### Exercise material:

(* Let $\triangle ABC$ have side lengths $a=|BC|>b=|CA|>c=|AB|$ and angles $\alpha=\angle A$, $\beta=\angle B$, $\gamma=\angle C$, and suppose $60^\circ\le\beta<80^\circ$, $60^\circ<\alpha<90^\circ$, and $\alpha+\beta/2<120^\circ$. For $x\in\{a,b,c\}$ let $W_x$ denote the largest area of an equilateral triangle contained in the closed triangle $\triangle ABC$ having one of its sides lying on side $x$. Then the maximum of $W_a,W_b,W_c$ is attained on the short side $c$, and the minimum is attained on the middle side $b$.
   Context: An equilateral triangle of largest area contained in $\triangle ABC$ with one side lying on a given side of $\triangle ABC$ is called the wedged equilateral triangle (WET) on that side; it need not have all three vertices on the boundary of $\triangle ABC$. The max (resp. min) WET is the one of largest (resp. smallest) area among the three sides. *)

theory Defs
  imports "HOL-Analysis.Analysis"
begin

definition angle_at :: "real^2 \<Rightarrow> real^2 \<Rightarrow> real^2 \<Rightarrow> real" where
  "angle_at V P Q = arccos (((P - V) \<bullet> (Q - V)) / (norm (P - V) * norm (Q - V)))"

definition equilateral :: "real^2 \<Rightarrow> real^2 \<Rightarrow> real^2 \<Rightarrow> bool" where
  "equilateral P Q R \<longleftrightarrow> P \<noteq> Q \<and> dist P Q = dist Q R \<and> dist Q R = dist R P"

definition eq_area :: "real \<Rightarrow> real" where
  "eq_area s = sqrt 3 / 4 * s ^ 2"

definition WET_area :: "real^2 \<Rightarrow> real^2 \<Rightarrow> real^2 \<Rightarrow> real" where
  "WET_area X Y Z = Sup {eq_area (dist P Q) | P Q R.
      equilateral P Q R \<and> convex hull {P, Q, R} \<subseteq> convex hull {X, Y, Z}
      \<and> closed_segment P Q \<subseteq> closed_segment X Y}"

end

theory Submission
  imports Defs
begin

text \<open>
  An equilateral triangle with its base on the side XY of a triangle XYZ has its apex above the
  midpoint of the base, at height \<open>sqrt 3 / 2\<close> times the side, and the apex must stay inside
  the angles at X and at Y. If both angles are at least \<open>pi / 3\<close>, the whole side XY is a base.
  If the angle \<open>\<theta>\<close> at X is at most \<open>pi / 3\<close> and the one at Y at least \<open>pi / 3\<close>, the largest
  triangle has a base vertex at Y and its apex on XZ, and its side is
  \<open>dist X Y * sin \<theta> / sin (\<theta> + pi / 3)\<close>.

  Under the hypotheses, \<open>\<gamma> = pi - \<alpha> - \<beta> < pi / 3 \<le> \<alpha>, \<beta>\<close>, so the wedged triangle on c has
  side c, and those on a and b have sides \<open>a f\<close> and \<open>b f\<close> with
  \<open>f = sin \<gamma> / sin (\<gamma> + pi / 3)\<close>. Hence the one on b is smaller than the one on a, and by the
  law of sines \<open>a f \<le> c\<close> amounts to \<open>sin \<alpha> \<le> sin (\<gamma> + pi / 3) = sin (\<alpha> + \<beta> - pi / 3)\<close>, which
  holds because \<open>\<alpha> \<le> \<alpha> + \<beta> - pi / 3 \<le> pi - \<alpha>\<close>; the last inequality is \<open>\<alpha> + \<beta> / 2 \<le> 2 * pi / 3\<close>.
\<close>

section \<open>The cross product in the plane\<close>

definition cross2 :: "real^2 \<Rightarrow> real^2 \<Rightarrow> real" where
  "cross2 u v = u$1 * v$2 - u$2 * v$1"

lemma inner_real2: "u \<bullet> v = u$1 * v$1 + u$2 * v$2" for u v :: "real^2"
  by (simp add: inner_vec_def sum_2)

lemma lagrange_identity_real2: "(u \<bullet> u) * (v \<bullet> v) = (u \<bullet> v)\<^sup>2 + (cross2 u v)\<^sup>2"
  by (simp add: inner_real2 cross2_def power2_eq_square algebra_simps)

lemma cross2_cyclic: "cross2 (Z - Y) (X - Y) = cross2 (Y - X) (Z - X)"
  by (simp add: cross2_def algebra_simps)

lemma cross2_scaleR_left: "cross2 (a *\<^sub>R u) v = a * cross2 u v"
  by (simp add: cross2_def algebra_simps)

lemma cross2_add_scaleR_right: "cross2 u (a *\<^sub>R u + b *\<^sub>R v) = b * cross2 u v"
  by (simp add: cross2_def algebra_simps)

lemma cross2_eq_0_imp_parallel:
  assumes "cross2 u w = 0" and "u \<noteq> 0"
  shows "w = ((u \<bullet> w) / (u \<bullet> u)) *\<^sub>R u"
proof -
  have "(u \<bullet> u) *\<^sub>R w = (u \<bullet> w) *\<^sub>R u"
    using assms(1) by (simp add: vec_eq_iff forall_2 inner_real2 cross2_def algebra_simps)
  then show ?thesis
    using assms(2) by (simp add: eq_vector_fraction_iff)
qed

lemma cross2_nonzero_if_not_collinear:
  assumes "\<not> collinear {X, Y, Z}"
  shows "cross2 (Y - X) (Z - X) \<noteq> 0"
proof
  assume "cross2 (Y - X) (Z - X) = 0"
  then have "collinear {0, Y - X, Z - X}"
    using cross2_eq_0_imp_parallel[of "Y - X" "Z - X"] by (auto simp: collinear_lemma)
  then have "collinear {Y, X, Z}"
    by (subst collinear_3) simp
  with assms show False
    by (simp add: insert_commute)
qed

lemma distinct_if_not_collinear:
  assumes "\<not> collinear {A, B, C}"
  shows "A \<noteq> B" "B \<noteq> C" "A \<noteq> C"
  using assms by (auto simp: collinear_2 insert_commute)

section \<open>Angles of a triangle\<close>

lemma angle_at_commute: "angle_at V P Q = angle_at V Q P"
  by (simp add: angle_at_def inner_commute mult.commute)

lemma angle_at_cosine_bounds:
  "-1 \<le> (P - V) \<bullet> (Q - V) / (norm (P - V) * norm (Q - V))"
  "(P - V) \<bullet> (Q - V) / (norm (P - V) * norm (Q - V)) \<le> 1"
  using Cauchy_Schwarz_ineq2[of "P - V" "Q - V"]
  by (auto simp: divide_le_eq le_divide_eq abs_le_iff zero_less_mult_iff)

lemma angle_at_bounds: "0 \<le> angle_at V P Q" "angle_at V P Q \<le> pi"
  unfolding angle_at_def using angle_at_cosine_bounds[of P V Q]
  by (simp_all add: arccos_lbound arccos_ubound)

lemma cos_angle_at:
  "norm (P - V) * norm (Q - V) * cos (angle_at V P Q) = (P - V) \<bullet> (Q - V)"
  using angle_at_cosine_bounds[of P V Q] by (auto simp: angle_at_def)

lemma sin_angle_at:
  "norm (P - V) * norm (Q - V) * sin (angle_at V P Q) = \<bar>cross2 (P - V) (Q - V)\<bar>"
proof (cases "P = V \<or> Q = V")
  case True
  then show ?thesis by (auto simp: cross2_def)
next
  case False
  define n where "n = norm (P - V) * norm (Q - V)"
  have "n > 0" using False by (simp add: n_def)
  have "((P - V) \<bullet> (Q - V) / n)\<^sup>2 + (cross2 (P - V) (Q - V) / n)\<^sup>2
      = (((P - V) \<bullet> (Q - V))\<^sup>2 + (cross2 (P - V) (Q - V))\<^sup>2) / n\<^sup>2"
    by (simp add: power_divide add_divide_distrib)
  also have "\<dots> = 1"
    using False
    by (simp add: n_def power_mult_distrib flip: lagrange_identity_real2 power2_norm_eq_inner)
  finally have "((P - V) \<bullet> (Q - V) / n)\<^sup>2 + (cross2 (P - V) (Q - V) / n)\<^sup>2 = 1" .
  then have "1 - ((P - V) \<bullet> (Q - V) / n)\<^sup>2 = (cross2 (P - V) (Q - V) / n)\<^sup>2"
    by simp
  then have "sin (angle_at V P Q) = \<bar>cross2 (P - V) (Q - V)\<bar> / n"
    using angle_at_cosine_bounds[of P V Q] \<open>n > 0\<close>
    by (simp add: angle_at_def sin_arccos flip: n_def)
  then show ?thesis
    using \<open>n > 0\<close> by (simp add: field_simps flip: n_def)
qed

lemma sin_angle_at_add_pi_div_3:
  "2 * (norm (P - V) * norm (Q - V)) * sin (angle_at V P Q + pi / 3)
     = sqrt 3 * ((P - V) \<bullet> (Q - V)) + \<bar>cross2 (P - V) (Q - V)\<bar>"
proof -
  let ?n = "norm (P - V) * norm (Q - V)" and ?\<theta> = "angle_at V P Q"
  have "2 * ?n * sin (?\<theta> + pi / 3) = sqrt 3 * (?n * cos ?\<theta>) + ?n * sin ?\<theta>"
    by (simp add: sin_add sin_60 cos_60 algebra_simps)
  then show ?thesis
    by (simp only: sin_angle_at cos_angle_at)
qed

lemma sin_pi_div_3_minus_angle_at:
  "2 * (norm (P - V) * norm (Q - V)) * sin (pi / 3 - angle_at V P Q)
     = sqrt 3 * ((P - V) \<bullet> (Q - V)) - \<bar>cross2 (P - V) (Q - V)\<bar>"
proof -
  let ?n = "norm (P - V) * norm (Q - V)" and ?\<theta> = "angle_at V P Q"
  have "2 * ?n * sin (pi / 3 - ?\<theta>) = sqrt 3 * (?n * cos ?\<theta>) - ?n * sin ?\<theta>"
    by (simp add: sin_diff sin_60 cos_60 algebra_simps)
  then show ?thesis
    by (simp only: sin_angle_at cos_angle_at)
qed

lemma sqrt3_inner_le_cross_if_angle_at_ge:
  assumes "pi / 3 \<le> angle_at V P Q"
  shows "sqrt 3 * ((P - V) \<bullet> (Q - V)) \<le> \<bar>cross2 (P - V) (Q - V)\<bar>"
proof -
  have "0 \<le> sin (angle_at V P Q - pi / 3)"
    using assms angle_at_bounds[of V P Q] by (intro sin_ge_zero) auto
  then have "2 * (norm (P - V) * norm (Q - V)) * sin (pi / 3 - angle_at V P Q) \<le> 0"
    using sin_minus[of "angle_at V P Q - pi / 3"] by (simp add: mult_nonneg_nonpos)
  then show ?thesis
    by (simp add: sin_pi_div_3_minus_angle_at)
qed

lemma sqrt3_inner_le_cross_if_angle_at_ge':
  assumes "pi / 3 \<le> angle_at Y Z X"
  shows "sqrt 3 * ((Y - X) \<bullet> (Y - X) - (Y - X) \<bullet> (Z - X)) \<le> \<bar>cross2 (Y - X) (Z - X)\<bar>"
proof -
  have "(Z - Y) \<bullet> (X - Y) = (Y - X) \<bullet> (Y - X) - (Y - X) \<bullet> (Z - X)"
    by (simp add: inner_diff_left inner_diff_right inner_commute)
  then show ?thesis
    using sqrt3_inner_le_cross_if_angle_at_ge[OF assms] cross2_cyclic[where X = X and Y = Y and Z = Z]
    by simp
qed

lemma cross_le_sqrt3_inner_if_angle_at_le:
  assumes "angle_at V P Q \<le> pi / 3"
  shows "\<bar>cross2 (P - V) (Q - V)\<bar> \<le> sqrt 3 * ((P - V) \<bullet> (Q - V))"
proof -
  have "0 \<le> sin (pi / 3 - angle_at V P Q)"
    using assms angle_at_bounds[of V P Q] by (intro sin_ge_zero) auto
  then have "0 \<le> 2 * (norm (P - V) * norm (Q - V)) * sin (pi / 3 - angle_at V P Q)"
    by simp
  then show ?thesis
    by (simp add: sin_pi_div_3_minus_angle_at)
qed

lemma law_of_sines:
  assumes "\<not> collinear {A, B, C}"
  shows "dist A B * sin (angle_at A B C) = dist B C * sin (angle_at C A B)"
proof -
  have "A \<noteq> C" using distinct_if_not_collinear[OF assms] by simp
  have "dist A C * (dist A B * sin (angle_at A B C)) = \<bar>cross2 (B - A) (C - A)\<bar>"
    using sin_angle_at[of B A C] by (simp add: dist_norm norm_minus_commute algebra_simps)
  also have "\<dots> = dist A C * (dist B C * sin (angle_at C A B))"
    using sin_angle_at[of A C B] cross2_cyclic[where X = B and Y = C and Z = A] cross2_cyclic[where X = A and Y = B and Z = C]
    by (simp add: dist_norm norm_minus_commute algebra_simps)
  finally show ?thesis
    using \<open>A \<noteq> C\<close> by simp
qed
lemma reach_minus_source_subset: "reach E W s - {s} \<subseteq> W - sources E W"
proof
  fix v assume v: "v \<in> reach E W s - {s}"
  then have "(s, v) \<in> (induced E W)\<^sup>*" by (simp add: reach_def)
  with v obtain u where "(u, v) \<in> induced E W" by (auto elim: rtranclE)
  then show "v \<in> W - sources E W" by (auto simp: induced_def sources_def)
qed

lemma nonsources_mono: "C \<subseteq> W \<Longrightarrow> C - sources E C \<subseteq> W - sources E W"
  by (auto simp: sources_def)

lemma source_out_edge:
  assumes conn: "und_connected E W" and s: "s \<in> sources E W" and many: "sources E W \<noteq> {s}"
  obtains a where "(s, a) \<in> induced E W"
proof -
  obtain x where x: "x \<in> W" "x \<noteq> s" using s many by (auto simp: sources_def)
  have "(s, x) \<in> (und E W)\<^sup>*" using conn s x(1) by (simp add: und_connected_def sources_def)
  then obtain y where "(s, y) \<in> und E W" using x(2) by (auto elim: converse_rtranclE)
  moreover have "(y, s) \<notin> induced E W" using s by (auto simp: sources_def induced_def)
  ultimately show ?thesis using that by (auto simp: und_def)
qed
theorem mainTheorem3:
  fixes E :: "'a set" and indep :: "'a set \<Rightarrow> bool" and u :: "'a \<Rightarrow> nat"
    and k :: nat and B :: "nat \<Rightarrow> 'a set" and ins :: "nat \<Rightarrow> 'a \<Rightarrow> nat"
    and lev :: "'a \<Rightarrow> nat" and h :: nat and \<epsilon> :: real
  assumes "0 < \<epsilon>" and "\<epsilon> < 1"
    and "matroid E indep"
    and "invariants E indep u k B ins lev h"
    and "real h > 1 / \<epsilon> + 2"
  shows "\<exists>j::nat.
     real (sum u {e \<in> E. lev e < j} + k * mrank indep {e \<in> E. lev e \<ge> j})
       \<le> (1 + \<epsilon>) * real (union_value E u k B)
     \<and> (\<forall>B'. (\<forall>i<k. is_basis E indep (B' i)) \<longrightarrow>
            real (union_value E u k B') \<le> (1 + \<epsilon>) * real (union_value E u k B))
     \<and> (\<forall>S \<subseteq> E. real (dual_value E indep u k {e \<in> E. lev e \<ge> j})
            \<le> (1 + \<epsilon>) * real (dual_value E indep u k S))"
proof -
  note M = assms(3) and inv = assms(4)
  have fE: "finite E"
    using matroid_finite[OF M] .
  have "0 < 1 / \<epsilon>"
    using assms(1) by simp
  then have "1 \<le> h" and "1 / \<epsilon> < real h - 1"
    using assms(5) by linarith+
  then have "1 / \<epsilon> < real (h - 1)"
    by (simp add: of_nat_diff)
  then have "\<exists>l\<in>{1..h - 1}. real (\<Sum>e\<in>{e \<in> E. lev e = l}. min (u e) (mult k B e))
      \<le> \<epsilon> * real (union_value E u k B)"
    unfolding union_value_def by (rule exists_light_level[OF fE assms(1)])
  then obtain l where l: "1 \<le> l" "l < h" and
    light: "real (\<Sum>e\<in>{e \<in> E. lev e = l}. min (u e) (mult k B e)) \<le> \<epsilon> * real (union_value E u k B)"
    using \<open>1 \<le> h\<close> by fastforce
  let ?T = "{e \<in> E. Suc l \<le> lev e}"
  have "real (dual_value E indep u k ?T)
      \<le> real (union_value E u k B) + real (\<Sum>e\<in>{e \<in> E. lev e = l}. min (u e) (mult k B e))"
    using dual_value_le_union_value_plus_layer[OF M inv l] by linarith
  then have dual: "real (dual_value E indep u k ?T) \<le> (1 + \<epsilon>) * real (union_value E u k B)"
    using light unfolding distrib_right by linarith
  have bases: "\<forall>i<k. is_basis E indep (B i)"
    using inv unfolding invariants_def by auto
  have "?T \<subseteq> E"
    by auto
  note optimal = approximately_optimal_by_dual[OF M bases less_imp_le[OF assms(1)] dual this]
  show ?thesis
    using dual optimal unfolding dual_value_upper_level_set by blast
qed

end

### Problem requirements:
Which lines of the data include the word "optimal"? Copy each one.

### Output for this task:
  note optimal = approximately_optimal_by_dual[OF M bases less_imp_le[OF assms(1)] dual this]
    using dual optimal unfolding dual_value_upper_level_set by blast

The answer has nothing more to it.